In fact, a song by Schumann closes the album, and with its precise German diction and controlled vibrato, "Wehmut" is an opportunity for listeners to discover Thompson-King's operatic training (she has a Master's degree in opera performance from New England Conservatory of Music).
Like any great opera singer, Thompson-King gets into character for her songs, including "No Room for Jesus." Juke-joint rhythm and blues bump up against heartsick country, tinges of psychedelia bleeding through the garage-rock performance. Throughout Psychotic Melancholia, Thompson-King's vocal delivery is just what the doctor ordered.
— Micah Schweizer,
Greg Grease, 'Runaways'
From Down So Long
Funk, hip-hop and space travel collide in this ode to finding true love in a hopeless world and leaving the suckers behind. Greg Grease has earned the reputation as one of the most consistent and thoughtful MCs in a Twin Cities market overflowing with rap talent, and his new work seems to simultaneously stretch back in time to invoke the production of Minneapolis Sound pioneers like Jimmy Jam and Terry Lewis while reaching ever forward to explore what's coming next. Greg's new album, Down So Long, weaves together collaborators from his funk/soul/rap/jazz collective ZULUZULUU and other stars of the Minneapolis scene (the producer Psymun, Doomtree's Mike Mictlan) to create an entrancing, shape-shifting and alluring tapestry of sound.
— Andrea Swensson, Minnesota Public Radio's
Republican Hair, 'Whatever Blows Your Hair Back'
From The Prince & The Duke
For some, songwriting is a formula. For others, it's a feeling or a style. Luke Dick, the mastermind behind Nashville band Republican Hair, falls into the latter category. Piecing together phrases he hears and experiences he has, he takes note of things that make a light go off in his head.

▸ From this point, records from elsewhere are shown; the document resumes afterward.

lemma equivocation_rate_eventually_gt:
  assumes q: "0 \<le> q" "q \<le> 1/2" and C: "code_seq len C Rc" "0 < Rc" and "0 < e"
    and d: "0 \<le> d" "d \<le> 1" "(\<lambda>m. bec_ml_error (len m) (C m) d) \<longlonglongrightarrow> 0" "1 - 2*q - d < e / 2"
  shows "eventually (\<lambda>m. Rc - e <
    equivocation q (len m) (vecs (len m)) (dual_code (len m) (C m)) / real (len m)) sequentially"
proof -
  obtain k where wiretap: "\<And>m. bsc_wiretap_code (len m) (C m) (k m) q"
    and len: "\<And>m. 0 < len m" and k: "\<And>m. real (k m) = Rc * real (len m)"
    using code_seqE[OF C(1)] q by (metis bsc_wiretap_code.intro bsc_wiretap_code_axioms.intro)
  have "eventually (\<lambda>m. bec_ml_error (len m) (C m) d < e / (4 * Rc)) sequentially"
    using order_tendstoD(2)[OF d(3)] \<open>0 < e\<close> C(2) by simp
  then show ?thesis
  proof (rule eventually_mono)
    fix m
    let ?n = "real (len m)" and ?err = "bec_ml_error (len m) (C m) d"
    assume "?err < e / (4 * Rc)"
    then have "2 * Rc * ?err < e / 2"
      using C(2) by (simp add: field_simps)
    moreover have "(Rc - 2 * Rc * ?err - max 0 (1 - 2*q - d)) * ?n \<le>
        equivocation q (len m) (vecs (len m)) (dual_code (len m) (C m))"
      using bsc_wiretap_code.equivocation_ge_bec_ml_error[OF wiretap d(1,2), of m] k[of m]
      by (simp add: algebra_simps)
    then have "Rc - 2 * Rc * ?err - max 0 (1 - 2*q - d) \<le>
        equivocation q (len m) (vecs (len m)) (dual_code (len m) (C m)) / ?n"
      using len[of m] by (simp add: pos_le_divide_eq)
    moreover have "max 0 (1 - 2*q - d) < e / 2"
      using d(4) \<open>0 < e\<close> by (simp add: max_def)
    ultimately show "Rc - e < equivocation q (len m) (vecs (len m)) (dual_code (len m) (C m)) / ?n"
      by linarith
  qed
qed

theorem theorem3:
  fixes q Rc :: real and len :: "nat \<Rightarrow> nat" and C :: "nat \<Rightarrow> bool list set"
  assumes "0 \<le> q" and "q \<le> 1/2"
    and "good_code_seq len C Rc"
    and "q \<ge> (1 - erasure_threshold len C) / 2"
  shows "nested_achieves q len (\<lambda>m. vecs (len m)) (\<lambda>m. dual_code (len m) (C m)) Rc Rc"
proof -
  have C: "code_seq len C Rc" "0 < Rc"
    using assms(3) by (auto simp: good_code_seq_def)
  obtain k where lin: "\<And>m. binary_linear_code (len m) (C m)" and len: "\<And>m. 0 < len m"
    and k: "\<And>m. card (C m) = 2 ^ k m" "\<And>m. real (k m) = Rc * real (len m)"
    using code_seqE[OF C(1)] by blast
  have rate: "info_rate (len m) (vecs (len m)) (dual_code (len m) (C m)) = Rc" for m
    using binary_linear_code.info_rate_vecs_dual_code[OF lin k(1) len] k(2) len[of m] by simp
  have legit: "legit_error (len m) (vecs (len m)) (dual_code (len m) (C m)) = 0" for m
    using binary_linear_code.legit_error_eq_0[OF binary_linear_code.binary_linear_code_dual[OF lin]] .
  let ?rate = "\<lambda>m. equivocation q (len m) (vecs (len m)) (dual_code (len m) (C m)) / real (len m)"
  have "ereal Rc \<le> liminf (\<lambda>m. ereal (?rate m))"
  proof (rule ereal_le_Liminf_if_eventually_gt)
    fix e :: real assume "0 < e"
    then obtain d where "0 \<le> d" "d \<le> 1" "(\<lambda>m. bec_ml_error (len m) (C m) d) \<longlonglongrightarrow> 0"
      "erasure_threshold len C - e / 2 < d"
      using erasure_threshold_approx[OF assms(3), of "e / 2"] by auto
    then show "eventually (\<lambda>m. Rc - e < ?rate m) sequentially"
      using equivocation_rate_eventually_gt[OF assms(1,2) C \<open>0 < e\<close>] assms(4) by simp
  qed
  then show ?thesis
    using rate legit by (simp add: nested_achieves_def)
qed

end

The Oklahoma native has written songs for country music powerhouses like Eric Church and Miranda Lambert, but when writing for his own band, there are no barriers. This shines through on the playful soul jam "Whatever Blows Your Hair Back," where Dick opts to keep a melodic placeholder in the hook in lieu of jamming a bunch of words into its spot.
Dick channels his inner D'Angelo here, ooing and cooing his way through the song, as he probes, "What puts the spike in the middle / Right in the middle of your lemonade?"
— Ryan LaCroix, KOSU's
The Burns Twins, 'Day By Day'
From Day By Day
Chicago multi-instrumentalist producers Eddie and Iz, The Burns Twins, have provided compositions for numerous up-and-coming Chicago acts. Though trained in conventional jazz, the Twins are informed by an array of genres, each adding an element of flavor to their distinct sound. On the heels of their well-received EP Sweet ESL, Eddie and Iz have released their first new song in over a year, the excellent "Day By Day." True to Burns Twins form, the song is a collaboration, featuring singers Sam Hudgens and Omar Apollo. On the song, a warm piano line leads the way for Latin percussion, clean horns and soulful vocals. Each part works in unison to convey the song's guiding principle: Life come at you fast, so be sure to take it day by day.